Prononcée à l’audience publique du 30 juin 2025 où siégeaient M. ATTIA, Président, M. BOUCHON, M. PORTELLI, M. BALENSI, M. NAZZAROLI, Juges, assistés de Mme Ferial SABAA Greffier Audiencier.
LES FAITS :α¤
M., [Z], [B], exerçant sous la dénomination commerciale, BACK’ESPACES VERTS, réalise des travaux de jardinage.
M., [P], [T] est, pour sa part, propriétaire d’une maison située au, [Adresse 3] à, [Localité 1].
Le 8 mars 2019 M., [Z], [B] établi un devis à M., [P], [T], lequel devis prévoit notamment des plantations, un aménagement du terrain et l’installation d’un arrosage automatique, pour un montant de 15 951,50 €.
Des acomptes sont versés par M., [P], [T] à hauteur de 11 500 €.
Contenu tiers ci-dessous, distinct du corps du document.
subsection \<open>One TD step\<close>

lemma finite_set_pmf_Pi_traj:
  fixes pol :: "'s::finite \<Rightarrow> 'a::finite pmf"
  shows "finite (set_pmf (Pi_pmf UNIV d (\<lambda>s. traj pol P s n)))"
  by (rule finite_subset[OF set_Pi_pmf_subset'[of UNIV]]) (auto simp: finite_set_pmf_traj)

lemma finite_set_pmf_td_step:
  fixes pol :: "'s::finite \<Rightarrow> 'a::finite pmf"
  shows "finite (set_pmf (td_step pol P R \<beta> n eps V))"
  unfolding td_step_def by (simp add: finite_set_pmf_Pi_traj)

lemma finite_set_pmf_td_iter:
  fixes pol :: "'s::finite \<Rightarrow> 'a::finite pmf"
  shows "finite (set_pmf (td_iter pol P R \<beta> n eps V0 k))"
  by (induction k) (auto simp: finite_set_pmf_td_step)

lemma expectation_Pi_pmf_component:
  fixes pol :: "'s::finite \<Rightarrow> 'a::finite pmf"
  shows "E (Pi_pmf UNIV d (\<lambda>s. traj pol P s n)) (\<lambda>tr. g (tr s)) = E (traj pol P s n) g"
proof -
  have "E (traj pol P s n) g = E (map_pmf (\<lambda>f. f s) (Pi_pmf UNIV d (\<lambda>s. traj pol P s n))) g"
    by (subst Pi_pmf_component) auto
  then show ?thesis by simp
qed

lemma expectation_td_step_lnorm_sq:
  fixes pol :: "'s::finite \<Rightarrow> 'a::finite pmf"
  shows "E (td_step pol P R \<beta> n eps V) (\<lambda>W. lnorm_sq lam (\<lambda>s. W s - Vs s))
    = E lam (\<lambda>s. E (traj pol P s n)
        (\<lambda>x. (V s + eps * (disc_return R \<beta> (fst x) + \<beta> ^ n * V (snd x) - V s) - Vs s)\<^sup>2))"
proof -
  define h where "h s x = (V s + eps * (disc_return R \<beta> (fst x) + \<beta> ^ n * V (snd x) - V s) - Vs s)\<^sup>2"
    for s x
  let ?Pi = "Pi_pmf UNIV undefined (\<lambda>s. traj pol P s n)"
  have "E (td_step pol P R \<beta> n eps V) (\<lambda>W. lnorm_sq lam (\<lambda>s. W s - Vs s))
      = E ?Pi (\<lambda>tr. \<Sum>s\<in>UNIV. pmf lam s * h s (tr s))"
    unfolding td_step_def lnorm_sq_def integral_map_pmf h_def ..
  also have "\<dots> = (\<Sum>s\<in>UNIV. pmf lam s * E ?Pi (\<lambda>tr. h s (tr s)))"
    by (subst Bochner_Integration.integral_sum)
       (simp_all add: integrable_measure_pmf_finite finite_set_pmf_Pi_traj)
  also have "\<dots> = (\<Sum>s\<in>UNIV. pmf lam s * E (traj pol P s n) (h s))"
    by (simp only: expectation_Pi_pmf_component)
  finally show ?thesis
    unfolding expectation_finite_type[of lam] h_def .
qed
M., [Z], [B] considère avoir à récupérer le solde de son devis auprès de M., [P], [T] ce que ce dernier conteste considérant un non achèvement et des mal façons dans la réalisation.
LA PROCEDURE :
Par citation délivrée le 18 novembre 2022, Monsieur, [P], [T] a cité devant le tribunal de commerce de Marseille, Monsieur, [Z], [B] pour entendre : Vu les articles 1103 et suivants du Code civil,
Vu les articles 1217 et suivants du Code civil,
* CONSTATER que Monsieur, [P], [T] a sollicité, [Z], [B], entreprise en nom personnel, exerçant sous le nom commercial BACK’ ESPACES VERTS, afin de réaliser différents travaux de jardinage,
* CONSTATER qu’un devis a été établi le 8 mars 2019 par, [Z], [B], entreprise en nom personnel, exerçant sous le nom commercial BACK’ ESPACES VERTS pour un montant total de 15 951 €,
* CONSTATER que plusieurs règlements ont été effectués par Monsieur, [T] pour un montant total de 11 500 €,
* CONSTATER la défaillance de Monsieur, [Z], [B], entreprise en nom personnel, exerçant sous le nom commercial BACK’ ESPACES VERTS dans l’exécution du contrat le liant à Monsieur, [T],
* CONDAMNER Monsieur, [Z], [B], entreprise en nom personnel, exerçant sous le nom commercial BACK’ ESPACES VERTS à payer à Monsieur, [P], [T] les sommes suivantes :
* 11500 € au titre du remboursement des sommes versé par Monsieur, [T],
* 6 000 € à titre de dommages et intérêts
* CONDAMNER Monsieur, [Z], [B], entreprise en nom personnel, exerçant sous le nom commercial BACK’ ESPACES VERTS à payer à Monsieur, [P], [T] la somme de 3000 € par application de l’article 700 du CPC et aux entiers dépens de l’instance.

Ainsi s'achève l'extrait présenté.